* _What this task involves_
Please keep to the lines below from the one with "by (rule Q.dim_le_card) (simp add: E(1))" through the one with "define s where", and restate them word for word, ends included.

......

lemma reaches_region_or_level:
  assumes "p \<in> Q" and "k \<le> H"
  shows "\<exists>m < card Q * (H + 1). \<exists>w. (tr ^^ m) (p, k) w \<and> (in_region w \<or> H \<le> snd w)"
proof -
  have "\<exists>y. reach (p, k) y \<and> in_region y" using reaches_region[of "(p, k)"] assms(1) by simp
  then obtain y where y: "reach (p, k) y" "in_region y" by blast
  obtain w where w: "(tr_below H)\<^sup>*\<^sup>* (p, k) w" "w = y \<or> H \<le> snd w"
    using reach_below_or_exit[OF y(1)] by blast
  have "z \<in> Q \<times> {0..H}" if "(tr_below H)\<^sup>*\<^sup>* (p, k) z" for z
    using that
  proof (induction rule: rtranclp_induct)
    case (step a b)
    then have "tr (fst a, snd a) (fst b, snd b)" "snd a < H" "fst a \<in> Q"
      unfolding tr_below_def by auto
    then show ?case using tr_counter_diff[of "fst a" "snd a" "fst b" "snd b"]
        tr_in_Q[of "fst a" "snd a" "fst b" "snd b"] by (auto simp: mem_Times_iff)
  qed (use assms in auto)
  moreover have "finite (Q \<times> {0..H})" using finite_Q by simp
  ultimately obtain m where m: "m < card (Q \<times> {0..H})" "((tr_below H) ^^ m) (p, k) w"
    using rtranclp_imp_relpowp_less_card[OF w(1)] by blast
  then have "(tr ^^ m) (p, k) w"
    using relpowp_mono[of "tr_below H" tr, OF _ m(2)] unfolding tr_below_def by blast
  moreover have "in_region w \<or> H \<le> snd w" using w(2) y(2) by blast
  moreover have "m < card Q * (H + 1)" using m(1) by (simp add: card_cartesian_product)
  ultimately show ?thesis by blast
qed
lemma dim_sum_img_kernel:
  assumes ka: "K_algebra sm" and lmN: "left_module actN" and lmQ: "left_module actQ"
    and W: "W = module.span sm B" and B: "finite B"
    and f: "additive f" "\<And>r x. f (actN r x) = actQ r (f x)"
    and ker: "f ` set zs \<subseteq> {0}"
  shows "vector_space.dim (kscale sm actQ) (sum_img actQ W (map f ys))
       + vector_space.dim (kscale sm actN) (sum_img actN W zs)
     \<le> vector_space.dim (kscale sm actN) (sum_img actN W (ys @ zs))"
proof -
  interpret R: vector_space sm using K_algebra_vector_space[OF ka] .
  interpret N: vector_space "kscale sm actN" using vector_space_kscale[OF ka lmN] .
  interpret Q: vector_space "kscale sm actQ" using vector_space_kscale[OF ka lmQ] .
  define V where "V = sum_img actN W (ys @ zs)"
  define K where "K = sum_img actN W zs"
  have W0: "0 \<in> W" using W by (simp add: R.span_zero)
  obtain F where F: "finite F" "V \<subseteq> N.span F"
    unfolding V_def by (rule sum_img_subset_span_finite[OF ka lmN W B])
  have "K \<subseteq> V" unfolding K_def V_def by (rule sum_img_subset_append(2)[OF lmN W0])
  then obtain E where E: "finite E" "card E + N.dim K \<le> N.dim V" "V \<subseteq> N.span (K \<union> E)"
    by (rule N.spanning_complement_exists[OF _ F(2,1)])
  have fK: "f ` K \<subseteq> {0}"
  proof
    fix y assume "y \<in> f ` K"
    then obtain w where "y = f (\<Sum>i<length zs. actN (w i) (zs ! i))"
      by (auto simp: K_def mem_sum_img)
    also have "\<dots> = (\<Sum>i<length zs. actQ (w i) (f (zs ! i)))"
      by (simp add: additive.sum[OF f(1)] f(2))
    also have "\<dots> = 0"
      using ker by (simp add: left_module_act_zero[OF lmQ] image_subset_iff)
    finally show "y \<in> {0}" by simp
  qed
  have "sum_img actN W ys \<subseteq> N.span (K \<union> E)"
    using sum_img_subset_append(1)[OF lmN W0] E(3) unfolding V_def by (rule subset_trans)
  then have "f ` sum_img actN W ys \<subseteq> f ` N.span (K \<union> E)" by (rule image_mono)
  then have "sum_img actQ W (map f ys) \<subseteq> f ` N.span (K \<union> E)"
    by (simp only: image_sum_img[of f actN actQ, OF f])
  also have "\<dots> = Q.span (f ` (K \<union> E))"
    using module_hom.span_image[OF module_hom_kscale[of sm actN actQ f, OF ka lmN lmQ f]] by simp
  also have "\<dots> \<subseteq> Q.span (insert 0 (f ` E))" by (rule Q.span_mono) (use fK in blast)
  also have "\<dots> = Q.span (f ` E)" by simp
  finally have "Q.dim (sum_img actQ W (map f ys)) \<le> card (f ` E)"
    by (rule Q.dim_le_card) (simp add: E(1))
  also have "\<dots> \<le> card E" by (rule card_image_le[OF E(1)])
  finally show ?thesis using E(2) unfolding K_def V_def by linarith
qed

lemma folner_exhaustion_finite_span:
  assumes "folner_exhaustion sm W"
  obtains B where "finite B" "W n = module.span sm B"
  using assms unfolding folner_exhaustion_def by blast

lemma folner_defect_ratio_tendsto_zero:
  assumes "folner_exhaustion sm W"
  shows "(\<lambda>n. real (vector_space.dim sm {a * r + b | a b. a \<in> W n \<and> b \<in> W n}
                    - vector_space.dim sm (W n)) / real (vector_space.dim sm (W n))) \<longlonglongrightarrow> 0"
proof -
  define s where "s n = vector_space.dim sm {a * r + b | a b. a \<in> W n \<and> b \<in> W n}" for n
  define d where "d n = vector_space.dim sm (W n)" for n
  have "(\<lambda>n. real (s n) / real (d n)) \<longlonglongrightarrow> 1"
    using assms unfolding folner_exhaustion_def s_def d_def by blast
  then have "(\<lambda>n. real (s n) / real (d n) - 1) \<longlonglongrightarrow> 1 - 1"
    by (rule tendsto_diff) (rule tendsto_const)
  moreover have "norm (real (s n - d n) / real (d n)) \<le> norm (real (s n) / real (d n) - 1) * 1" for n
  proof (cases "d n \<noteq> 0 \<and> d n \<le> s n")
    case True
    then show ?thesis by (simp add: of_nat_diff diff_divide_distrib)
  qed auto
  ultimately have "(\<lambda>n. real (s n - d n) / real (d n)) \<longlonglongrightarrow> 0"
    by (auto intro: tendsto_0_le[where K = 1] always_eventually)
  then show ?thesis unfolding s_def d_def .
qed

definition rank_ratio :: "('k::field \<Rightarrow> 'r::ring_1 \<Rightarrow> 'r) \<Rightarrow> ('r \<Rightarrow> 'n::ab_group_add \<Rightarrow> 'n)
    \<Rightarrow> (nat \<Rightarrow> 'r set) \<Rightarrow> 'n list \<Rightarrow> nat \<Rightarrow> real" where
  "rank_ratio sm act W ys n =
     real (vector_space.dim (kscale sm act) (sum_img act (W n) ys)) / real (vector_space.dim sm (W n))"

lemma rank_gen_eq_ulim_rank_ratio: "rank_gen sm act W \<omega> ys = ulim \<omega> (rank_ratio sm act W ys)"
  unfolding rank_gen_def rank_ratio_def ..

lemma Bseq_rank_ratio:
  assumes "K_algebra sm" "left_module act" "folner_exhaustion sm W"
  shows "Bseq (rank_ratio sm act W ys)"
proof (rule BseqI')
  fix n
  obtain B where "finite B" "W n = module.span sm B"
    by (rule folner_exhaustion_finite_span[OF assms(3)])
  then have "vector_space.dim (kscale sm act) (sum_img act (W n) ys)
      \<le> length ys * vector_space.dim sm (W n)"
    using dim_sum_img_le[OF assms(1,2)] by blast
  then have "real (vector_space.dim (kscale sm act) (sum_img act (W n) ys))
      \<le> real (length ys) * real (vector_space.dim sm (W n))"
    by (metis of_nat_le_iff of_nat_mult)
  then show "norm (rank_ratio sm act W ys n) \<le> real (length ys)"
    unfolding rank_ratio_def by (cases "vector_space.dim sm (W n) = 0") (simp_all add: divide_le_eq)
qed

lemma Bseq_add_seq:
  fixes x y :: "nat \<Rightarrow> real"
  assumes "Bseq x" "Bseq y"
  shows "Bseq (\<lambda>n. x n + y n)"
proof -
  obtain K L where "\<And>n. norm (x n) \<le> K" "\<And>n. norm (y n) \<le> L"
    using assms by (meson BseqE)
  then show ?thesis
    by (intro BseqI'[of _ "K + L"]) (meson add_mono norm_triangle_ineq order_trans)
qed

text \<open>The ultralimit of a bounded sequence is the supremum of the values it eventually exceeds.\<close>

lemma tendsto_ulim:
  assumes U: "free_ultrafilter \<omega>" and "Bseq x"
  shows "(x \<longlongrightarrow> ulim \<omega> x) \<omega>"
proof -
  have nb: "\<omega> \<noteq> bot" and uf: "\<And>P. eventually P \<omega> \<or> eventually (\<lambda>n. \<not> P n) \<omega>"
    using U unfolding free_ultrafilter_def by auto
  obtain K where K: "\<And>n. \<bar>x n\<bar> \<le> K" using BseqE[OF assms(2)] by auto
  define T where "T = {t. eventually (\<lambda>n. t \<le> x n) \<omega>}"
  have lo: "- K \<le> x n" and hi: "x n \<le> K" for n using K[of n] by (simp_all add: abs_le_iff)
  then have "- K \<in> T" unfolding T_def by (simp add: always_eventually)
  have "t \<le> K" if "t \<in> T" for t
  proof (rule ccontr)
    assume "\<not> t \<le> K"
    have "eventually (\<lambda>n. t \<le> x n) \<omega>" using that unfolding T_def by simp
    then have "eventually (\<lambda>n. False) \<omega>"
      by (rule eventually_mono) (use hi \<open>\<not> t \<le> K\<close> in \<open>meson order_trans\<close>)
    then show False using nb by simp
  qed
  then have bT: "bdd_above T" by (auto simp: bdd_above_def)
  have lim: "(x \<longlongrightarrow> Sup T) \<omega>"
  proof (rule order_tendstoI)
    fix a assume "a < Sup T"
    then obtain t where "t \<in> T" "a < t" using less_cSup_iff[of T a] \<open>- K \<in> T\<close> bT by blast
    then show "eventually (\<lambda>n. a < x n) \<omega>" unfolding T_def by (auto elim: eventually_mono)
  next
    fix a assume "Sup T < a"
    then have "a \<notin> T" using cSup_upper[OF _ bT] by force
    then show "eventually (\<lambda>n. x n < a) \<omega>"
      using uf[of "\<lambda>n. x n < a"] unfolding T_def by (simp add: not_less)
  qed
  then show ?thesis unfolding ulim_def using nb by (simp add: tendsto_Lim)
qed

......

* _The completed task_
    by (rule Q.dim_le_card) (simp add: E(1))
  also have "\<dots> \<le> card E" by (rule card_image_le[OF E(1)])
  finally show ?thesis using E(2) unfolding K_def V_def by linarith
qed

lemma folner_exhaustion_finite_span:
  assumes "folner_exhaustion sm W"
  obtains B where "finite B" "W n = module.span sm B"
  using assms unfolding folner_exhaustion_def by blast

lemma folner_defect_ratio_tendsto_zero:
  assumes "folner_exhaustion sm W"
  shows "(\<lambda>n. real (vector_space.dim sm {a * r + b | a b. a \<in> W n \<and> b \<in> W n}
                    - vector_space.dim sm (W n)) / real (vector_space.dim sm (W n))) \<longlonglongrightarrow> 0"
proof -
  define s where "s n = vector_space.dim sm {a * r + b | a b. a \<in> W n \<and> b \<in> W n}" for n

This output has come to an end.